* Exercise
The line that contains "using nn_integral_PiM_lborel_lines[of I" marks the end: retype the data below exactly from its first line through that line.

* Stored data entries
--------------------------------------------------

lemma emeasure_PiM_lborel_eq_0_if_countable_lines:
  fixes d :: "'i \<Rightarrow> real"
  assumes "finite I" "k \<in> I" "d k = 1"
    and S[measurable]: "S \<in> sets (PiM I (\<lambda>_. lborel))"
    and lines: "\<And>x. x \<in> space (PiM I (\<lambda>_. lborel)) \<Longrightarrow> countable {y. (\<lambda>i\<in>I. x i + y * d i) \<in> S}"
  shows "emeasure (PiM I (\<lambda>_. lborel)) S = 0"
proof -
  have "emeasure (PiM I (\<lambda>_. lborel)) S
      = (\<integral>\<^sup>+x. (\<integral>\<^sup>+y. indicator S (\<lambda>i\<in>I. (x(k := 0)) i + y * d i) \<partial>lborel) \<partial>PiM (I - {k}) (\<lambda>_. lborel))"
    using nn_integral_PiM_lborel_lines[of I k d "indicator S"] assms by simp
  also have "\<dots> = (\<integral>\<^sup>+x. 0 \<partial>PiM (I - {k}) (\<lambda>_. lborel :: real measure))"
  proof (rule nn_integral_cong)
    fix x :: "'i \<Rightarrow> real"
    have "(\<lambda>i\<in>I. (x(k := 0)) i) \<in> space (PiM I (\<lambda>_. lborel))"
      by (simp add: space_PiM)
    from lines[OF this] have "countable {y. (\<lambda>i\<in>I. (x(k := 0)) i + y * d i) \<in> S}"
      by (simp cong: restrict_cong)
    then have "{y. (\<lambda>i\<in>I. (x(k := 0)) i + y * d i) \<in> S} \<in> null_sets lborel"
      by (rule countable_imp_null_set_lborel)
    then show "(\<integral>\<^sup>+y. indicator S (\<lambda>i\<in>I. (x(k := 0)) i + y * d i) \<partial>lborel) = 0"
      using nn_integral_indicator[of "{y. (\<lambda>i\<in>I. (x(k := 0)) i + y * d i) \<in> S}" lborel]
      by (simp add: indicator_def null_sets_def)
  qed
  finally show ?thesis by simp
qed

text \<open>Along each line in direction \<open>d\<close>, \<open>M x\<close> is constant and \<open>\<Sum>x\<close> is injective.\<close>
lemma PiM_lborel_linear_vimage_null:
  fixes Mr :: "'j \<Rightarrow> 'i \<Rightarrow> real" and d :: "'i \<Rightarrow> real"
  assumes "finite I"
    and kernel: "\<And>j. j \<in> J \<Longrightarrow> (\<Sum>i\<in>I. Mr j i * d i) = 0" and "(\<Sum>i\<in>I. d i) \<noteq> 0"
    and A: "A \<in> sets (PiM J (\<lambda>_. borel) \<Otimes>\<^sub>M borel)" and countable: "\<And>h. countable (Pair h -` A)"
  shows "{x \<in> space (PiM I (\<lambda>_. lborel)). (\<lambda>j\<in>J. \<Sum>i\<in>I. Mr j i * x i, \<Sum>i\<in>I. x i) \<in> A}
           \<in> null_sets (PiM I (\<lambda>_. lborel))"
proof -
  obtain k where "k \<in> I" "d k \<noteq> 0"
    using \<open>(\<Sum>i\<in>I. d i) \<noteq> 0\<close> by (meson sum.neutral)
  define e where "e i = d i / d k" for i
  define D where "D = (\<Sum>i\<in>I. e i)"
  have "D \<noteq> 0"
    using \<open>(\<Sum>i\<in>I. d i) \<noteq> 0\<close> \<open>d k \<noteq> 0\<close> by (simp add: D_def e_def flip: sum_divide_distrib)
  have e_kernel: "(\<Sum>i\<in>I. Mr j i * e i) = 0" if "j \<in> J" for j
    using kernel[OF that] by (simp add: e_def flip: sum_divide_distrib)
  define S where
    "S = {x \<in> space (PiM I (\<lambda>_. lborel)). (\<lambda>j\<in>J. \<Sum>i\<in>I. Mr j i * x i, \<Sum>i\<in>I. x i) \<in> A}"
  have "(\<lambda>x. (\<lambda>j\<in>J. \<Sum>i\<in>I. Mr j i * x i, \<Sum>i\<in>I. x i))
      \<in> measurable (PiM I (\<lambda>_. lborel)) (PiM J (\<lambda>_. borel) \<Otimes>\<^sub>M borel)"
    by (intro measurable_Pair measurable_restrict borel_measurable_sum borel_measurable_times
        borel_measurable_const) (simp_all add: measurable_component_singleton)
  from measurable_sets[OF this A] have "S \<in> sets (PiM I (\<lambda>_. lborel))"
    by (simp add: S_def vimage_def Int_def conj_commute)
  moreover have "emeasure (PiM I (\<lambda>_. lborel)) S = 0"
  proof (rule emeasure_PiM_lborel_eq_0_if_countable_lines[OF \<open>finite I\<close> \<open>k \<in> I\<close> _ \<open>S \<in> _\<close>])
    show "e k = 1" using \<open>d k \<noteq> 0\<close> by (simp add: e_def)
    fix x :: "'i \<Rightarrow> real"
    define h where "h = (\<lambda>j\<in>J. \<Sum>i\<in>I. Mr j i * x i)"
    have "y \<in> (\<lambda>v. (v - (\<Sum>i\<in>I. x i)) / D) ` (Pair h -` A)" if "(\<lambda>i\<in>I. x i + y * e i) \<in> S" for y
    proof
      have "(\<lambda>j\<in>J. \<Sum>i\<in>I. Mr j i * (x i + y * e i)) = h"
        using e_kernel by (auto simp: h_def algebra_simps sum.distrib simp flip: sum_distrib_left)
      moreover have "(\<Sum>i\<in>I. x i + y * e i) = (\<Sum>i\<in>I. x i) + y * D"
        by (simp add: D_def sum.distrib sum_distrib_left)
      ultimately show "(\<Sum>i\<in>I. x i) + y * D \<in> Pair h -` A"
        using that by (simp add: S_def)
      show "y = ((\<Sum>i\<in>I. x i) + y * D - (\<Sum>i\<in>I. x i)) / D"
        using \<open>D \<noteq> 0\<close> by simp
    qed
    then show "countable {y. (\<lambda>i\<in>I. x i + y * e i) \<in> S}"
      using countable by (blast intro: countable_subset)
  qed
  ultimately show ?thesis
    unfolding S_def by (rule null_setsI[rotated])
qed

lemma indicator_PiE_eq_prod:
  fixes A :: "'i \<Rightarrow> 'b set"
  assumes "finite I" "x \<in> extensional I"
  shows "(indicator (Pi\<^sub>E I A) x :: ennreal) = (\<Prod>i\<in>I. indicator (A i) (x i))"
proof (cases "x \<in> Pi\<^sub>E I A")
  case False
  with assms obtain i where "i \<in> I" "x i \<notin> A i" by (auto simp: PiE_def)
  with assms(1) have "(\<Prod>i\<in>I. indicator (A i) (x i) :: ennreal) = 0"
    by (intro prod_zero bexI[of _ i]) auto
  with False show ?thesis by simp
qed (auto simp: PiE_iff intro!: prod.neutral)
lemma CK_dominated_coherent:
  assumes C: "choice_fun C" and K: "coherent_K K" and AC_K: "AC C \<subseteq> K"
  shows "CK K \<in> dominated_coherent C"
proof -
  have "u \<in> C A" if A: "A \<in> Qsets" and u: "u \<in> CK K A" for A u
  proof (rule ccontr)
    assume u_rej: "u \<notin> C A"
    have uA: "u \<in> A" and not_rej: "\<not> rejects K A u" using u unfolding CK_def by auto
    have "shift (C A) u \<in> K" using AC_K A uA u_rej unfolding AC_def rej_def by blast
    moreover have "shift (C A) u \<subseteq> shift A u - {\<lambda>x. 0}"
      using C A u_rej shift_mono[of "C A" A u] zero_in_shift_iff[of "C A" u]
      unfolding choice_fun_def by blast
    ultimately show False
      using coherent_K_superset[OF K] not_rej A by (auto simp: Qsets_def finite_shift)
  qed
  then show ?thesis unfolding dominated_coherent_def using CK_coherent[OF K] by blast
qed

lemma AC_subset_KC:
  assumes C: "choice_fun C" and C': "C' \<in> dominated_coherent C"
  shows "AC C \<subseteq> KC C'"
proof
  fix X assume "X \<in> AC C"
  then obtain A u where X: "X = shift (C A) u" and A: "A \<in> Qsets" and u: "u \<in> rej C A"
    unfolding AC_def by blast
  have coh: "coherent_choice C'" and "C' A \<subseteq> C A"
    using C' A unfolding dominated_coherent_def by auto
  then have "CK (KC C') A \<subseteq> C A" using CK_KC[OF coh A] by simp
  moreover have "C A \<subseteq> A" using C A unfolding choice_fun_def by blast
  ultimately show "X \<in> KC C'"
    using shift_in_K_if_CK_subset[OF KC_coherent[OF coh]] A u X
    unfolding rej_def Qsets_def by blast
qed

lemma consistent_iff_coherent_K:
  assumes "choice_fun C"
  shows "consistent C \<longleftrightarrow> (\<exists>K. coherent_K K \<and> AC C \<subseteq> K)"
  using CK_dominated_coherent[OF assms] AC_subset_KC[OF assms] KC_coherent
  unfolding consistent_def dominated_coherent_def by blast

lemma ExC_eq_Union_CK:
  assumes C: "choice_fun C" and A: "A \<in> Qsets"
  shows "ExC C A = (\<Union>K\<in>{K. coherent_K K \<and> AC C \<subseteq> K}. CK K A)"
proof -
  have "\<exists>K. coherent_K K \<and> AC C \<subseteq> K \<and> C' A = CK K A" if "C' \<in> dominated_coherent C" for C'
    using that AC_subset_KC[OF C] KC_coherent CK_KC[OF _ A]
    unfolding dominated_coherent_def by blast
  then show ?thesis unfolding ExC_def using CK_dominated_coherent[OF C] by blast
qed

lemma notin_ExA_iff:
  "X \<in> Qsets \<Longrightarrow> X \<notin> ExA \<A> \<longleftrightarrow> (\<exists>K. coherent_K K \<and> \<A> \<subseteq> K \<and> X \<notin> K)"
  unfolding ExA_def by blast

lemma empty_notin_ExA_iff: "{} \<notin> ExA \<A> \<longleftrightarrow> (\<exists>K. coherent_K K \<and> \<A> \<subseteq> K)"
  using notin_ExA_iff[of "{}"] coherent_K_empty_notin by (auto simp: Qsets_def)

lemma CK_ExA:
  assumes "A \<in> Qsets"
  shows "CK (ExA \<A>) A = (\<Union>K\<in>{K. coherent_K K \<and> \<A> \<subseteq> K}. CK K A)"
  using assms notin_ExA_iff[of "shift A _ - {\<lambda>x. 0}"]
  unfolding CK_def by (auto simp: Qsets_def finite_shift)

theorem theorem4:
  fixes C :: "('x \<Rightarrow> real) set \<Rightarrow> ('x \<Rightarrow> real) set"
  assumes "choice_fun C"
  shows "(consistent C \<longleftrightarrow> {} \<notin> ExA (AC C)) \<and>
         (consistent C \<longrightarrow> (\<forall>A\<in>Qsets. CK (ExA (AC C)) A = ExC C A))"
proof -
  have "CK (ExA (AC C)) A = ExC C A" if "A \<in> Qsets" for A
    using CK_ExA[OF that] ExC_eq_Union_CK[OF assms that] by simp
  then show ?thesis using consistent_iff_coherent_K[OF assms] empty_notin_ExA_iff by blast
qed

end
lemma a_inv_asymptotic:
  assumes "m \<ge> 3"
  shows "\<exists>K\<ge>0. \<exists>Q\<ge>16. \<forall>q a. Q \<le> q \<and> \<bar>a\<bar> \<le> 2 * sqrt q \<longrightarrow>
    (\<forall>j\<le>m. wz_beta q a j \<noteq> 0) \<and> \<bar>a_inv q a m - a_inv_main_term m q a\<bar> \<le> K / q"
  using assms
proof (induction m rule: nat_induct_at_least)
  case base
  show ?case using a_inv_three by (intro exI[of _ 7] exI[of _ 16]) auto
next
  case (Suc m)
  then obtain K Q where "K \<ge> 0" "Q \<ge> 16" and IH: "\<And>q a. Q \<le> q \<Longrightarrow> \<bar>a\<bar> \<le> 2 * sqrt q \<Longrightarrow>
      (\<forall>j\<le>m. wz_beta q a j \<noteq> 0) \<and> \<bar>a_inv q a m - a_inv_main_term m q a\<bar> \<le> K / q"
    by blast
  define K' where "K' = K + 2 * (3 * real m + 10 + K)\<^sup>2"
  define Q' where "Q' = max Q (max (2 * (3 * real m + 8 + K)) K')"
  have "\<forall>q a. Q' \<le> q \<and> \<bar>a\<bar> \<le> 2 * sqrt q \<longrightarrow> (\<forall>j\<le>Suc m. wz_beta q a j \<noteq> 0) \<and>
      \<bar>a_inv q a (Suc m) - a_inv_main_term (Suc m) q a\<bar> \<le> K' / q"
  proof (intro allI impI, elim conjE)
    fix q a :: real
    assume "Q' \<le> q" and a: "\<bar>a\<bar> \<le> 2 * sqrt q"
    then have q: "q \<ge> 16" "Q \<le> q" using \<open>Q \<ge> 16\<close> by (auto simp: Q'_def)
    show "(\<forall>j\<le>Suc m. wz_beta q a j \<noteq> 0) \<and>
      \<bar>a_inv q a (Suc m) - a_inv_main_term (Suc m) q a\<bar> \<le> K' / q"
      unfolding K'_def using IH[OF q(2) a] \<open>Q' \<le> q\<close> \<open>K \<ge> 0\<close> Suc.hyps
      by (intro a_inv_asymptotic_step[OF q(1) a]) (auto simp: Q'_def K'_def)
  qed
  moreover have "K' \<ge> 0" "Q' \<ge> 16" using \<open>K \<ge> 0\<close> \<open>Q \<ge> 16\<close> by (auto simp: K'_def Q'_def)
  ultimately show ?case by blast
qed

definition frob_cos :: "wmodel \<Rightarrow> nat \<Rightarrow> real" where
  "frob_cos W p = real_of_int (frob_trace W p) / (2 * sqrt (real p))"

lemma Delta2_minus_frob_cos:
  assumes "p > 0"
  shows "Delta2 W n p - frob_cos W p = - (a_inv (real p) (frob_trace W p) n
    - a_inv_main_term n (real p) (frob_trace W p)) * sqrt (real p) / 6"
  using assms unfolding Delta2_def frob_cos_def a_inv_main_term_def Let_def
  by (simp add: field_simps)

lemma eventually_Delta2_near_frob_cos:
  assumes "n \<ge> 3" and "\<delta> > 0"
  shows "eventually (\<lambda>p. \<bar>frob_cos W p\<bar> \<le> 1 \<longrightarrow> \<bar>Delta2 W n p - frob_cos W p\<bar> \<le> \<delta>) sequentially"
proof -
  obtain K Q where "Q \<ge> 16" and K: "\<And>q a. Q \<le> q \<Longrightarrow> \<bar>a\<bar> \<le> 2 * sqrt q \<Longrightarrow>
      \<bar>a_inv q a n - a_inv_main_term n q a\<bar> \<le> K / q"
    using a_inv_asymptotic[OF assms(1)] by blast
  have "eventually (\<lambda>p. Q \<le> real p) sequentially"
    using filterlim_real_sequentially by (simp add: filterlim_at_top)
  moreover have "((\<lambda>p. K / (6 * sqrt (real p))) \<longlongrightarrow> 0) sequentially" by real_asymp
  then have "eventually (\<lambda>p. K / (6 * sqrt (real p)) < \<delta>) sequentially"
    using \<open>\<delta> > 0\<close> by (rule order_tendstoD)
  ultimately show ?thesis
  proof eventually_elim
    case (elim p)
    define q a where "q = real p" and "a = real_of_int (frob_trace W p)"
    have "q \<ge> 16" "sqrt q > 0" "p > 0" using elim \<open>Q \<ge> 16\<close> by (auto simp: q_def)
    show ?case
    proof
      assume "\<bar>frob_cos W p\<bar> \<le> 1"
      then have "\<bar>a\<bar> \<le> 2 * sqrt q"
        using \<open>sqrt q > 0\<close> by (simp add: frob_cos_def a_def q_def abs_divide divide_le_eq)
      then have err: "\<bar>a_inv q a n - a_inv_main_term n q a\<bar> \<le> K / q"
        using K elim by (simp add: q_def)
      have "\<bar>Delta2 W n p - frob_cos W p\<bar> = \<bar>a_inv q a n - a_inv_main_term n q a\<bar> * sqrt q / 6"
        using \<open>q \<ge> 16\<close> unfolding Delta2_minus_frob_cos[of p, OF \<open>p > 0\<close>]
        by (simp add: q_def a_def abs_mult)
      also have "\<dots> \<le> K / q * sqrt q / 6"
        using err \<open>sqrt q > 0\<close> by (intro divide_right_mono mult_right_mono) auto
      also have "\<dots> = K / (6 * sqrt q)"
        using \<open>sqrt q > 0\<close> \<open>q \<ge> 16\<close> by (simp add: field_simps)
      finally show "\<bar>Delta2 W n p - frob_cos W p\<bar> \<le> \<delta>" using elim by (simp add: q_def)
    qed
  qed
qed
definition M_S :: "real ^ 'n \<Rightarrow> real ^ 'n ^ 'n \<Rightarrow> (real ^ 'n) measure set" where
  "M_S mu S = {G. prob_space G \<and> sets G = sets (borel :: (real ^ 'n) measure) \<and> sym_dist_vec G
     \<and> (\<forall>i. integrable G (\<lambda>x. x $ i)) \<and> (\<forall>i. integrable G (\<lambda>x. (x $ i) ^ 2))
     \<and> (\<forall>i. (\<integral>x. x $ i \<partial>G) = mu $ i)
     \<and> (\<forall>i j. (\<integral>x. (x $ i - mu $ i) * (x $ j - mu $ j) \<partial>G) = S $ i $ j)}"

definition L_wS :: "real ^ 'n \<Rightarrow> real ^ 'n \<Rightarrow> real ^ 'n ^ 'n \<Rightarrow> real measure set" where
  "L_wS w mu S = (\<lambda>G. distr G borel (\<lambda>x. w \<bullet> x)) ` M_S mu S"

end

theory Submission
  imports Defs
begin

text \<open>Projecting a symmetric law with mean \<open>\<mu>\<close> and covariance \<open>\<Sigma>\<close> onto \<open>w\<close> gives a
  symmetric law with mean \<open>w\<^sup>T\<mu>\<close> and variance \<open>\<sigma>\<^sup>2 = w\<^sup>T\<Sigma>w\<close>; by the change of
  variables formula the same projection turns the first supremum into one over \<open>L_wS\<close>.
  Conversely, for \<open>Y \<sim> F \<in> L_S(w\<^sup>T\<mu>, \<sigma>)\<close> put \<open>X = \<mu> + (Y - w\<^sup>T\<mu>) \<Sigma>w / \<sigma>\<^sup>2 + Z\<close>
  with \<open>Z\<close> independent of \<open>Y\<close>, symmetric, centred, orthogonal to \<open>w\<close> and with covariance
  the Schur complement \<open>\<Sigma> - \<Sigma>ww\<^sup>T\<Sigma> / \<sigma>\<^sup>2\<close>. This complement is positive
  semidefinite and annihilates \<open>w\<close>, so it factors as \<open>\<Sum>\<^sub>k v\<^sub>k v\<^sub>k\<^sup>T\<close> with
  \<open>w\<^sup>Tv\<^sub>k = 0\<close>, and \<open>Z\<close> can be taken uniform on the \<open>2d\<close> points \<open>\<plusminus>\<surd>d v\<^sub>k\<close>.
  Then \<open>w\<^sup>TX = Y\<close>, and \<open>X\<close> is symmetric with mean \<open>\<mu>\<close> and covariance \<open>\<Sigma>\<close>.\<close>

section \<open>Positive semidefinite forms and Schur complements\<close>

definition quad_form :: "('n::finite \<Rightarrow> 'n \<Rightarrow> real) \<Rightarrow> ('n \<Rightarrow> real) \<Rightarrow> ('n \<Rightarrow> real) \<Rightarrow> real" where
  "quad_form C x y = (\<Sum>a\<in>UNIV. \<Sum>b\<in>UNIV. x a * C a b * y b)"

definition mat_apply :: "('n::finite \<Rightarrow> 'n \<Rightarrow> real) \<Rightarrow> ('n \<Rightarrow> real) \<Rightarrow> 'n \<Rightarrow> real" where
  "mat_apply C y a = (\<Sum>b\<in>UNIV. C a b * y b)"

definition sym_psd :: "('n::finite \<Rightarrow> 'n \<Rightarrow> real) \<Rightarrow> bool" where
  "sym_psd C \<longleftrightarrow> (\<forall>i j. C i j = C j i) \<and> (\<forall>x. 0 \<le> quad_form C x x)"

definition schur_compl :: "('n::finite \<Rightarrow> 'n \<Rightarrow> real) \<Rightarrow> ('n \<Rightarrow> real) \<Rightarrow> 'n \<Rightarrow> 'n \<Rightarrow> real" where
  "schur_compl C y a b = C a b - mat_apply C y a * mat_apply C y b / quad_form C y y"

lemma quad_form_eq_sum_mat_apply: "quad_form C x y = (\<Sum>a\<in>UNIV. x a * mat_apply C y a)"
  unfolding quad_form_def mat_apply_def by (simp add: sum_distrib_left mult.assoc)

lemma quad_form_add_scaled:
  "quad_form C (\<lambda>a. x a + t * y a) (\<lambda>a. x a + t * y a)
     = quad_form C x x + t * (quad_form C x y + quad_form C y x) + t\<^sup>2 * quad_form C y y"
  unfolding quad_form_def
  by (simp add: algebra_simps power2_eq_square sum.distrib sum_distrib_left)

--------------------------------------------------

* Answer space
lemma emeasure_PiM_lborel_eq_0_if_countable_lines:
  fixes d :: "'i \<Rightarrow> real"
  assumes "finite I" "k \<in> I" "d k = 1"
    and S[measurable]: "S \<in> sets (PiM I (\<lambda>_. lborel))"
    and lines: "\<And>x. x \<in> space (PiM I (\<lambda>_. lborel)) \<Longrightarrow> countable {y. (\<lambda>i\<in>I. x i + y * d i) \<in> S}"
  shows "emeasure (PiM I (\<lambda>_. lborel)) S = 0"
proof -
  have "emeasure (PiM I (\<lambda>_. lborel)) S
      = (\<integral>\<^sup>+x. (\<integral>\<^sup>+y. indicator S (\<lambda>i\<in>I. (x(k := 0)) i + y * d i) \<partial>lborel) \<partial>PiM (I - {k}) (\<lambda>_. lborel))"
    using nn_integral_PiM_lborel_lines[of I k d "indicator S"] assms by simp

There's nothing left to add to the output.